### Exercise goal
What is needed is the number of lines below that contain the word "induction", with no other output.

### Data shown
(* Consider the discrete-time control system on $\mathrm{Aff}(2,\mathbb{R})$ given by $(x_{k+1},y_{k+1})=f_{u_k}(x_k,y_k)$, $u_k\in U$, where $f_u(x,y)=(h(u)x,\ a(x-1)+dy+g(u)x)$ with $a\in\mathbb{R}$, $d\in\mathbb{R}\setminus\{0\}$, $h:\mathbb{R}^m\to(0,\infty)$ and $g:\mathbb{R}^m\to\mathbb{R}$ smooth with $h(0)=1$, $g(0)=0$, and $U\subset\mathbb{R}^m$ a compact convex neighborhood of $0$. If $-a\,h'(0)\neq g'(0)(d-1)$ and $h'(0)\neq0$, then the system is accessible.
   Context: $\mathrm{Aff}(2,\mathbb{R})$ is $(0,\infty)\times\mathbb{R}$ with product $(x_1,y_1)\cdot(x_2,y_2)=(x_1x_2,\ y_2+x_2y_1)$. Solutions: $\varphi(0,p,u)=p$, $\varphi(k,p,u)=f_{u_{k-1}}\circ\cdots\circ f_{u_0}(p)$ for controls $u=(u_i)\in U^{\mathbb{N}_0}$. For a point $p$, $\mathcal{R}(p)=\bigcup_{k\in\mathbb{N}}\{\varphi(k,p,u)\}$ and $\mathcal{C}(p)=\bigcup_{k\in\mathbb{N}}\{q:\varphi(k,q,u)=p\text{ for some }u\}$. The system is forward accessible if $\mathrm{int}\,\mathcal{R}(p)\neq\emptyset$ for all $p$, backward accessible if $\mathrm{int}\,\mathcal{C}(p)\neq\emptyset$ for all $p$, and accessible if both hold. $h'(0)$, $g'(0)$ are the derivatives at $0$. *)

theory Defs
  imports "HOL-Analysis.Analysis"
begin

fun Ck_fun :: "nat \<Rightarrow> ('a::euclidean_space \<Rightarrow> real) \<Rightarrow> bool" where
  "Ck_fun 0 f = continuous_on UNIV f"
| "Ck_fun (Suc k) f =
     ((\<forall>x. f differentiable (at x)) \<and>
      (\<forall>i\<in>Basis. Ck_fun k (\<lambda>x. frechet_derivative f (at x) i)))"

definition smooth_fun :: "('a::euclidean_space \<Rightarrow> real) \<Rightarrow> bool" where
  "smooth_fun f \<longleftrightarrow> (\<forall>k. Ck_fun k f)"

text \<open>The group Aff(2,R) as the state space (0,infinity) x R.\<close>
definition Aff2 :: "(real \<times> real) set" where
  "Aff2 = {p. fst p > 0}"

fun sol :: "('u \<Rightarrow> 's \<Rightarrow> 's) \<Rightarrow> nat \<Rightarrow> 's \<Rightarrow> (nat \<Rightarrow> 'u) \<Rightarrow> 's" where
  "sol f 0 p u = p"
| "sol f (Suc k) p u = f (u k) (sol f k p u)"

definition reach_set :: "('u \<Rightarrow> 's \<Rightarrow> 's) \<Rightarrow> 'u set \<Rightarrow> 's \<Rightarrow> 's set" where
  "reach_set f U p = {sol f k p u | k u. k \<ge> 1 \<and> (\<forall>i. u i \<in> U)}"

definition ctrl_set :: "('u \<Rightarrow> 's \<Rightarrow> 's) \<Rightarrow> 'u set \<Rightarrow> 's set \<Rightarrow> 's \<Rightarrow> 's set" where
  "ctrl_set f U M p = {q \<in> M. \<exists>k u. k \<ge> 1 \<and> (\<forall>i. u i \<in> U) \<and> sol f k q u = p}"

definition forward_accessible ::
  "('u \<Rightarrow> 's::topological_space \<Rightarrow> 's) \<Rightarrow> 'u set \<Rightarrow> 's set \<Rightarrow> bool" where
  "forward_accessible f U M \<longleftrightarrow> (\<forall>p\<in>M. interior (reach_set f U p) \<noteq> {})"

definition backward_accessible ::
  "('u \<Rightarrow> 's::topological_space \<Rightarrow> 's) \<Rightarrow> 'u set \<Rightarrow> 's set \<Rightarrow> bool" where
  "backward_accessible f U M \<longleftrightarrow> (\<forall>p\<in>M. interior (ctrl_set f U M p) \<noteq> {})"

definition accessible ::
  "('u \<Rightarrow> 's::topological_space \<Rightarrow> 's) \<Rightarrow> 'u set \<Rightarrow> 's set \<Rightarrow> bool" where
  "accessible f U M \<longleftrightarrow> forward_accessible f U M \<and> backward_accessible f U M"

definition aff_sys ::
  "real \<Rightarrow> real \<Rightarrow> ('u \<Rightarrow> real) \<Rightarrow> ('u \<Rightarrow> real) \<Rightarrow> 'u \<Rightarrow> real \<times> real \<Rightarrow> real \<times> real" where
  "aff_sys a d h g u p = (h u * fst p, a * (fst p - 1) + d * snd p + g u * fst p)"

end

theory Submission
  imports Defs
begin

(*
  Choose v with h'(0) v \<noteq> 0 and a h'(0) v + (d - 1) g'(0) v \<noteq> 0 (possible since a vector
  space is not the union of two proper subspaces) and use only the controls t v; this reduces to a
  scalar control with \<alpha> = h'(0) v, \<beta> = g'(0) v. The two-step map (s, t) \<mapsto> f_t (f_s (x, y))
  has Jacobian determinant -\<alpha> x^2 (a \<alpha> + (d - 1) \<beta>) \<noteq> 0 at the origin, so by the open mapping
  theorem the image of a neighbourhood of 0 has interior: forward accessibility. The inverse maps
  f_u^-1 form a system of the same shape, with parameters -a/d, 1/d, 1/h and nondegeneracy
  quantity (a \<alpha> + (d - 1) \<beta>) / d^2; running it with reversed controls gives backward
  accessibility.
*)

lemma open_mapping_surj_derivative:
  fixes F :: "'a::euclidean_space \<Rightarrow> 'b::euclidean_space"
  assumes "continuous_on UNIV F" and "(F has_derivative F') (at x)" and "surj F'"
    and "x \<in> interior T"
  shows "F x \<in> interior (F ` T)"
proof -
  have "linear F'"
    using assms(2) by (simp add: has_derivative_linear)
  then obtain R where "linear R" and "F' \<circ> R = id"
    using assms(3) real_vector.linear_surjective_right_inverse by blast
  then show ?thesis
    by (intro sussmann_open_mapping[OF open_UNIV assms(1) _ assms(2) _ _ _ assms(4)])
       (auto simp: linear_conv_bounded_linear)
qed

lemma surj_linear_plane:
  fixes A B C D :: real
  assumes "A * D - B * C \<noteq> 0"
  shows "surj (\<lambda>z. (A * fst z + B * snd z, C * fst z + D * snd z))"
  unfolding surj_def
proof
  fix w :: "real \<times> real"
  obtain p q where w: "w = (p, q)"
    by fastforce
  define E where "E = A * D - B * C"
  have "E \<noteq> 0"
    using assms by (simp add: E_def)
  then have "A * ((D * p - B * q) / E) + B * ((A * q - C * p) / E) = p"
    "C * ((D * p - B * q) / E) + D * ((A * q - C * p) / E) = q"
    by (simp_all add: field_simps) (simp_all add: E_def algebra_simps)
  then show "\<exists>z. w = (A * fst z + B * snd z, C * fst z + D * snd z)"
    by (intro exI[of _ "((D * p - B * q) / E, (A * q - C * p) / E)"]) (simp add: w)
qed

lemma linear_functionals_common_nonzero:
  fixes f g :: "'a::real_vector \<Rightarrow> real"
  assumes "linear f" "linear g" and "f \<noteq> (\<lambda>v. 0)" "g \<noteq> (\<lambda>v. 0)"
  shows "\<exists>v. f v \<noteq> 0 \<and> g v \<noteq> 0"
proof -
  obtain v w where v: "f v \<noteq> 0" and w: "g w \<noteq> 0"
    using assms(3,4) by (meson ext)
  have "f (v + w) = f v + f w" "g (v + w) = g v + g w"
    using assms(1,2) by (simp_all add: linear_add)
  then show ?thesis
    using v w by (metis add.right_neutral add_0)
qed

lemma has_real_derivative_along_line:
  assumes "(h has_derivative h') (at 0)"
  shows "((\<lambda>t. h (t *\<^sub>R v)) has_real_derivative h' v) (at 0)"
proof -
  have "((\<lambda>t. h (t *\<^sub>R v)) has_derivative (\<lambda>t. h' (t *\<^sub>R v))) (at 0)"
    using diff_chain_at[OF has_derivative_scaleR_left[OF has_derivative_ident], of h h' 0 v] assms
    by (simp add: o_def)
  moreover have "(\<lambda>t. h' (t *\<^sub>R v)) = (\<lambda>t. h' v * t)"
    using assms by (auto simp: fun_eq_iff has_derivative_linear linear_scale)
  ultimately show ?thesis
    by (simp add: has_field_derivative_def)
qed

lemma zero_in_interior_line_preimage:
  fixes v :: "'a::real_normed_vector"
  assumes "0 \<in> interior U"
  shows "0 \<in> interior {t::real. t *\<^sub>R v \<in> U}"
proof -
  have "open ((\<lambda>t::real. t *\<^sub>R v) -` interior U)"
    by (intro continuous_open_vimage open_interior continuous_intros)
  moreover have "(\<lambda>t. t *\<^sub>R v) -` interior U \<subseteq> {t. t *\<^sub>R v \<in> U}"
    using interior_subset by auto
  ultimately have "(\<lambda>t. t *\<^sub>R v) -` interior U \<subseteq> interior {t. t *\<^sub>R v \<in> U}"
    by (simp add: interior_maximal)
  then show ?thesis
    using assms by auto
qed

lemma smooth_fun_continuous: "smooth_fun f \<Longrightarrow> continuous_on UNIV f"
  by (metis Ck_fun.simps(1) smooth_fun_def)

lemma has_derivative_fst_real:
  assumes "(H has_real_derivative \<alpha>) (at (fst z))"
  shows "((\<lambda>z. H (fst z)) has_derivative (\<lambda>w. \<alpha> * fst w)) (at z)"
  using diff_chain_at[OF has_derivative_fst[OF has_derivative_ident] assms[unfolded has_field_derivative_def]]
  by (simp add: o_def mult.commute)

lemma has_derivative_snd_real:
  assumes "(H has_real_derivative \<alpha>) (at (snd z))"
  shows "((\<lambda>z. H (snd z)) has_derivative (\<lambda>w. \<alpha> * snd w)) (at z)"
  using diff_chain_at[OF has_derivative_snd[OF has_derivative_ident] assms[unfolded has_field_derivative_def]]
  by (simp add: o_def mult.commute)

lemma sol_Suc_first: "sol f (Suc k) p u = sol f k (f (u 0) p) (\<lambda>i. u (Suc i))"
  by (induction k) simp_all

lemma sol_reparametrize: "sol (\<lambda>w. f (\<phi> w)) k p u = sol f k p (\<lambda>i. \<phi> (u i))"
  by (induction k) simp_all

lemma sol_in_invariant:
  assumes "\<And>w q. w \<in> U \<Longrightarrow> q \<in> M \<Longrightarrow> f w q \<in> M" and "\<forall>i. u i \<in> U" and "p \<in> M"
  shows "sol f k p u \<in> M"
  using assms by (induction k) simp_all

lemma sol_right_inverse_reversed:
  assumes "\<And>w q. f w (f' w q) = q"
  shows "sol f k (sol f' k p u) (\<lambda>i. u (k - Suc i)) = p"
proof (induction k)
  case (Suc k)
  have "sol f (Suc k) (sol f' (Suc k) p u) (\<lambda>i. u (Suc k - Suc i))
      = sol f k (f (u k) (f' (u k) (sol f' k p u))) (\<lambda>i. u (k - Suc i))"
    by (subst sol_Suc_first) simp
  also have "\<dots> = p"
    using Suc.IH by (simp add: assms)
  finally show ?case .
qed simp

### Your response
4